Постепенно нам стали передавать необходимые для побега предметы. Вначале мы получили около 150 рулей денег и часы. Деньги были запечены в куске мяса. Через пару дней получили два браунинга с четырьмя полными обоймами к ним. Браунинги были запечены в хлебах, имевших форму куличей со срезанными шапками. Каким образом администрация, принимавшая передачи, пропустила их, — трудно понять. Достаточно было взять в руки один из двух хлебов, с виду таких мягких и пышных, чтобы сразу почувствовать нечто неладное — до такой степени хлебы были тяжелы. Но через ворота александровской тюрьмы тогда все проходило. Мы усиленно пользовались «свободой» этих ворот. По общему уговору, все предназначенное для побега, в том числе и деньги, передавались Слепцову. Слепцов ловко заделал револьверы в глубокие отверстия пола, который были кирпичный. Деньги хранил на себе. Кое-какие вещи он поручил на хранение коридорным. Каждый вечер он подолгу беседовал с дежурным надзирателем. Нам он советовал не заговаривать с этим надзирателем, дабы не бросить на него подозрение. Иное дело он — человек здесь известный. Сообща мы разрабатывали план побега, распределяли роли. Было условлено и сообщено на волю нашим товарищам, что в ночь побега в одной из камер верхнего этажа, видимого с воли, на окно будет поставлена лампа, что означало бы — сегодня мы бежим, будьте готовы нас встретить и оказать помощь.
Наконец, последний этап. Мы получили большую корзину провизии, где среди массы булок лежало несколько колец свежей колбасы. Пока мы с Бабешко поспешно разыскивали неизменную записку от Николая или Тараса, каши сокамерники овладели принесенными продуктами и с жадностью набросились на них. Вдруг лицо одного из них, — обратника Никитина — перекосилось отчаянной гримасой, и он стал свирепо отплевываться. В руках он держал кусок колбасы, который отломил от цельного конца и который начал, было, есть, ко зубы его натолкнулись не на мясо, а на что-то никогда им невиданное. Мы исследовали «колбасы». Оказывается, несколько кусков их были начинены динамитом. В корзинке они лежали среди других, настоящих колбас, ничем от них не отличаясь. Вот кусок такой динамитной колбасы и сунул себе в рот Никитин. К счастью, он только слегка пожевал ее, не успев ничего проглотить. Но действие этого жевания оказалось ужасным. Через десять минут Никитин испытывал страшные боли и треск в голове, его рвало и затем он в течение дня, как мертвый, пластом лежал на нарах.

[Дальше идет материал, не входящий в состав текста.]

(* Let $q$ be a prime power and let $C\subseteq\mathrm{GF}(q^m)^n$ be a (linear or nonlinear) code with $n\le m$, $|C|=q^{mk}$ for an integer $1\le k\le n$, and minimum rank distance $d_{\mathrm R}=n-k+1$. Let $\mathcal K$ be any elementary linear subspace of $\mathrm{GF}(q^m)^n$ of dimension $k$ and $\bar{\mathcal K}$ any elementary linear subspace of dimension $n-k$ with $\mathcal K\oplus\bar{\mathcal K}=\mathrm{GF}(q^m)^n$. Then for every $\mathbf w\in\mathcal K$ there exists a unique codeword $\mathbf c\in C$ with $\mathbf c_{\mathcal K}=\mathbf w$, where $\mathbf c_{\mathcal K}$ denotes the projection of $\mathbf c$ onto $\mathcal K$ along $\bar{\mathcal K}$.
   Context: For $\mathbf x=(x_0,\dots,x_{n-1})\in\mathrm{GF}(q^m)^n$, $\mathrm{rk}(\mathbf x)$ is the dimension over $\mathrm{GF}(q)$ of the $\mathrm{GF}(q)$-span of $x_0,\dots,x_{n-1}$; the minimum rank distance of $C$ is the minimum of $\mathrm{rk}(\mathbf c-\mathbf d)$ over distinct codewords. A linear subspace of the $\mathrm{GF}(q^m)$-vector space $\mathrm{GF}(q^m)^n$ is elementary if it has a basis consisting of vectors in $\mathrm{GF}(q)^n$. The projection of $\mathbf x$ onto $\mathcal K$ along $\bar{\mathcal K}$ is the unique $\mathbf x_{\mathcal K}\in\mathcal K$ with $\mathbf x-\mathbf x_{\mathcal K}\in\bar{\mathcal K}$. *)

theory Defs
  imports "HOL-Analysis.Analysis"
begin

text \<open>GF(q) is modelled by a finite field type 'b, GF(q^m) by a finite field type 'a,
  and 'b is embedded in 'a via an injective ring homomorphism emb.
  GF(q^m) is a vector space over GF(q) with scalar multiplication (\<lambda>c x. emb c * x).\<close>

definition field_emb :: "('b::field \<Rightarrow> 'a::field) \<Rightarrow> bool" where
  "field_emb emb \<longleftrightarrow> inj emb \<and> emb 1 = 1 \<and>
     (\<forall>x y. emb (x + y) = emb x + emb y) \<and> (\<forall>x y. emb (x * y) = emb x * emb y)"

definition rk :: "('b::field \<Rightarrow> 'a::field) \<Rightarrow> 'a ^ 'n \<Rightarrow> nat" where
  "rk emb x = vector_space.dim (\<lambda>c y. emb c * y) (range (\<lambda>i. x $ i))"

definition min_rank_dist :: "('b::field \<Rightarrow> 'a::field) \<Rightarrow> ('a ^ 'n) set \<Rightarrow> nat" where
  "min_rank_dist emb C = Min {rk emb (c - d) | c d. c \<in> C \<and> d \<in> C \<and> c \<noteq> d}"

definition elementary :: "('b::field \<Rightarrow> 'a::field) \<Rightarrow> ('a ^ 'n) set \<Rightarrow> bool" where
  "elementary emb U \<longleftrightarrow> vec.subspace U \<and>
     (\<exists>B. B \<subseteq> {v. \<forall>i. v $ i \<in> range emb} \<and> vec.independent B \<and> vec.span B = U)"

definition proj :: "('a::field ^ 'n) set \<Rightarrow> ('a ^ 'n) set \<Rightarrow> 'a ^ 'n \<Rightarrow> 'a ^ 'n" where
  "proj K Kbar x = (THE y. y \<in> K \<and> x - y \<in> Kbar)"

end

theory Submission
  imports Defs
begin

text \<open>If two codewords had the same projection onto \<open>K\<close>, their difference would lie in the
  elementary space \<open>Kbar\<close> of dimension \<open>n - k\<close>. Every vector of an elementary space of
  dimension \<open>r\<close> has rank at most \<open>r\<close>, since its entries are \<open>GF(q)\<close>-combinations of the
  \<open>r\<close> coordinates with respect to a basis in \<open>GF(q)\<^sup>n\<close>. This contradicts
  \<open>d\<^sub>R = n - k + 1\<close>, so projection is injective on \<open>C\<close>; as \<open>|C| = q\<^sup>m\<^sup>k \<ge> |K|\<close>, it is a
  bijection onto \<open>K\<close>.\<close>

lemma vector_space_field_emb:
  assumes "field_emb emb"
  shows "vector_space (\<lambda>c (y::'a::field). (emb::'b::field \<Rightarrow> 'a) c * y)"
  using assms unfolding field_emb_def
  by unfold_locales (auto simp: algebra_simps)

lemma card_vec_span_le:
  fixes B :: "('a::{field,finite} ^ 'n) set"
  shows "card (vec.span B) \<le> CARD('a) ^ card B"
proof -
  let ?comb = "\<lambda>u. \<Sum>v\<in>B. u v *s v"
  have fin: "finite B" by simp
  have "vec.span B \<subseteq> ?comb ` (B \<rightarrow>\<^sub>E UNIV)"
  proof
    fix x assume "x \<in> vec.span B"
    then obtain u where x: "x = ?comb u"
      using vec.span_finite[OF fin] by auto
    have "x = ?comb (restrict u B)" unfolding x by (rule sum.cong) auto
    moreover have "restrict u B \<in> B \<rightarrow>\<^sub>E UNIV" by simp
    ultimately show "x \<in> ?comb ` (B \<rightarrow>\<^sub>E UNIV)" by (rule image_eqI)
  qed
  then have "card (vec.span B) \<le> card (?comb ` (B \<rightarrow>\<^sub>E (UNIV::'a set)))"
    by (intro card_mono) auto
  also have "\<dots> \<le> card (B \<rightarrow>\<^sub>E (UNIV::'a set))"
    by (rule card_image_le) (simp add: finite_PiE fin)
  also have "\<dots> = CARD('a) ^ card B" by (simp add: card_PiE fin)
  finally show ?thesis .
qed

lemma card_le_CARD_pow_vec_dim:
  fixes U :: "('a::{field,finite} ^ 'n) set"
  shows "card U \<le> CARD('a) ^ vec.dim U"
proof -
  obtain B where "U \<subseteq> vec.span B" "card B = vec.dim U"
    using vec.basis_exists[of U] by metis
  then show ?thesis
    using card_mono[of "vec.span B" U] card_vec_span_le[of B] by simp
qed

lemma rk_le_dim_elementary:
  fixes emb :: "'b::{field,finite} \<Rightarrow> 'a::{field,finite}" and U :: "('a ^ 'n) set"
  assumes emb: "field_emb emb" and U: "elementary emb U" and x: "x \<in> U"
  shows "rk emb x \<le> vec.dim U"
proof -
  interpret F: vector_space "\<lambda>c (y::'a). emb c * y" by (rule vector_space_field_emb[OF emb])
  obtain B where B: "B \<subseteq> {v. \<forall>i. v $ i \<in> range emb}" "vec.independent B" "vec.span B = U"
    using U unfolding elementary_def by auto
  obtain u where xu: "x = (\<Sum>v\<in>B. u v *s v)"
    using vec.span_finite[of B] x B(3) by auto
  have "range (\<lambda>i. x $ i) \<subseteq> F.span (u ` B)"
  proof safe
    fix i
    have "\<forall>v\<in>B. \<exists>e. v $ i = emb e" using B(1) by auto
    then obtain e where e: "\<And>v. v \<in> B \<Longrightarrow> v $ i = emb (e v)" by metis
    have "x $ i = (\<Sum>v\<in>B. emb (e v) * u v)"
      unfolding xu sum_component by (auto intro: sum.cong simp: e)
    also have "\<dots> \<in> F.span (u ` B)"
      by (intro F.span_sum F.span_scale F.span_base) auto
    finally show "x $ i \<in> F.span (u ` B)" .
  qed
  then have "rk emb x \<le> card (u ` B)"
    unfolding rk_def by (intro F.dim_le_card) auto
  also have "\<dots> \<le> card B" by (rule card_image_le) simp
  also have "\<dots> = vec.dim U"
    using B vec.dim_span_eq_card_independent by metis
  finally show ?thesis .
qed

lemma min_rank_dist_le_rk:
  fixes C :: "('a::{field,finite} ^ 'n) set"
  assumes "c \<in> C" "d \<in> C" "c \<noteq> d"
  shows "min_rank_dist emb C \<le> rk emb (c - d)"
proof -
  have "{rk emb (c - d) |c d. c \<in> C \<and> d \<in> C \<and> c \<noteq> d} \<subseteq> range (rk emb :: 'a ^ 'n \<Rightarrow> nat)"
    by auto
  then have "finite {rk emb (c - d) |c d. c \<in> C \<and> d \<in> C \<and> c \<noteq> d}"
    by (rule finite_subset) simp
  then show ?thesis
    unfolding min_rank_dist_def using assms by (intro Min_le) blast+
qed

lemma proj_direct_sum:
  fixes K Kbar :: "('a::field ^ 'n) set"
  assumes "vec.subspace K" "vec.subspace Kbar"
    and "K \<inter> Kbar = {0}" "{x + y | x y. x \<in> K \<and> y \<in> Kbar} = UNIV"
  shows "proj K Kbar x \<in> K" "x - proj K Kbar x \<in> Kbar"
proof -
  obtain a b where ab: "x = a + b" "a \<in> K" "b \<in> Kbar" using assms(4) by blast
  have "\<exists>!y. y \<in> K \<and> x - y \<in> Kbar"
  proof (rule ex1I[of _ a])
    show "a \<in> K \<and> x - a \<in> Kbar" using ab by simp
  next
    fix y assume y: "y \<in> K \<and> x - y \<in> Kbar"
    have "y - a \<in> K" using y ab assms(1) by (simp add: vec.subspace_diff)
    moreover have "b - (x - y) \<in> Kbar"
      using vec.subspace_diff[OF assms(2)] y ab(3) by blast
    then have "y - a \<in> Kbar" using ab(1) by (simp add: algebra_simps)
    ultimately have "y - a \<in> K \<inter> Kbar" by blast
    then show "y = a" using assms(3) by simp
  qed
  then have "proj K Kbar x \<in> K \<and> x - proj K Kbar x \<in> Kbar"
    unfolding proj_def by (rule theI')
  then show "proj K Kbar x \<in> K" "x - proj K Kbar x \<in> Kbar" by auto
qed

lemma inj_on_proj_if_dim_less_min_rank_dist:
  fixes emb :: "'b::{field,finite} \<Rightarrow> 'a::{field,finite}" and C K Kbar :: "('a ^ 'n) set"
  assumes emb: "field_emb emb" and K: "vec.subspace K" and Kbar: "elementary emb Kbar"
    and dsum: "K \<inter> Kbar = {0}" "{x + y | x y. x \<in> K \<and> y \<in> Kbar} = UNIV"
    and dR: "vec.dim Kbar < min_rank_dist emb C"
  shows "inj_on (proj K Kbar) C"
proof (rule inj_onI, rule ccontr)
  fix c d assume cd: "c \<in> C" "d \<in> C" "proj K Kbar c = proj K Kbar d" "c \<noteq> d"
  have Kbar_sub: "vec.subspace Kbar" using Kbar unfolding elementary_def by simp
  note proj = proj_direct_sum[OF K Kbar_sub dsum]
  have "c - d = (c - proj K Kbar c) - (d - proj K Kbar d)" using cd(3) by simp
  also have "\<dots> \<in> Kbar" by (rule vec.subspace_diff[OF Kbar_sub proj(2) proj(2)])
  finally have "rk emb (c - d) \<le> vec.dim Kbar"
    by (rule rk_le_dim_elementary[OF emb Kbar])
  moreover have "min_rank_dist emb C \<le> rk emb (c - d)"
    by (rule min_rank_dist_le_rk[OF cd(1,2,4)])
  ultimately show False using dR by linarith
qed

lemma ex1_preimage_if_inj_on_card_le:
  assumes "inj_on f C" "f ` C \<subseteq> K" "card K \<le> card C" "finite K"
  shows "\<forall>w \<in> K. \<exists>!c. c \<in> C \<and> f c = w"
proof -
  have "card (f ` C) = card C" using assms(1) by (rule card_image)
  also have "\<dots> = card K"
    using assms(3) card_mono[OF assms(4,2)] \<open>card (f ` C) = card C\<close> by linarith
  finally have "f ` C = K" using assms(2,4) by (intro card_subset_eq) auto
  with assms(1) show ?thesis by (auto dest: inj_onD)
qed

theorem lemma5:
  fixes emb :: "'b::{field,finite} \<Rightarrow> 'a::{field,finite}"
    and C K Kbar :: "('a ^ 'n) set"
    and q m k :: nat
  assumes emb: "field_emb emb"
    and q: "CARD('b) = q" and qm: "CARD('a) = q ^ m"
    and nm: "CARD('n) \<le> m"
    and k: "1 \<le> k" "k \<le> CARD('n)"
    and Csize: "card C = q ^ (m * k)"
    and dR: "min_rank_dist emb C = CARD('n) - k + 1"
    and K: "elementary emb K" "vec.dim K = k"
    and Kbar: "elementary emb Kbar" "vec.dim Kbar = CARD('n) - k"
    and dsum: "K \<inter> Kbar = {0}" "{x + y | x y. x \<in> K \<and> y \<in> Kbar} = UNIV"
  shows "\<forall>w \<in> K. \<exists>!c. c \<in> C \<and> proj K Kbar c = w"
proof -
  have K_sub: "vec.subspace K" and Kbar_sub: "vec.subspace Kbar"
    using K(1) Kbar(1) unfolding elementary_def by auto
  have "inj_on (proj K Kbar) C"
    using inj_on_proj_if_dim_less_min_rank_dist[OF emb K_sub Kbar(1) dsum] dR Kbar(2) by simp
  moreover have "proj K Kbar ` C \<subseteq> K"
    using proj_direct_sum[OF K_sub Kbar_sub dsum] by auto
  moreover have "card K \<le> card C"
    using card_le_CARD_pow_vec_dim[of K] K(2) qm Csize by (simp add: power_mult)
  ultimately show ?thesis
    by (rule ex1_preimage_if_inj_on_card_le) simp
qed

end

Мы отделили динамитные колбасы от настоящих, и Бабешко занялся исследованием динамита. Он оказался каким-то особенным, не в обычных палочках, каким мы его знали у нас в России, а в состоянии массы, напоминающей серую зернистую икру. Бабешко это сильно озадачило: никогда он не видал такого динамита, хотя дело с ним ему приходилось иметь несколько раз и в разных местах России. Он взял кусочек динамита и попробовал его зажечь спичкой — не горит! Это очень плохой признак. Бабешко уверял, что всякий динамит непременно должен гореть. Раз динамит не горит, — значит он никуда не годен. Сильно это нас смутило и расстроило. Динамит был, очевидно, испорчен, недаром он имеет какой-то странный вид. Он скорее может нас подвести, чем сослужить службу.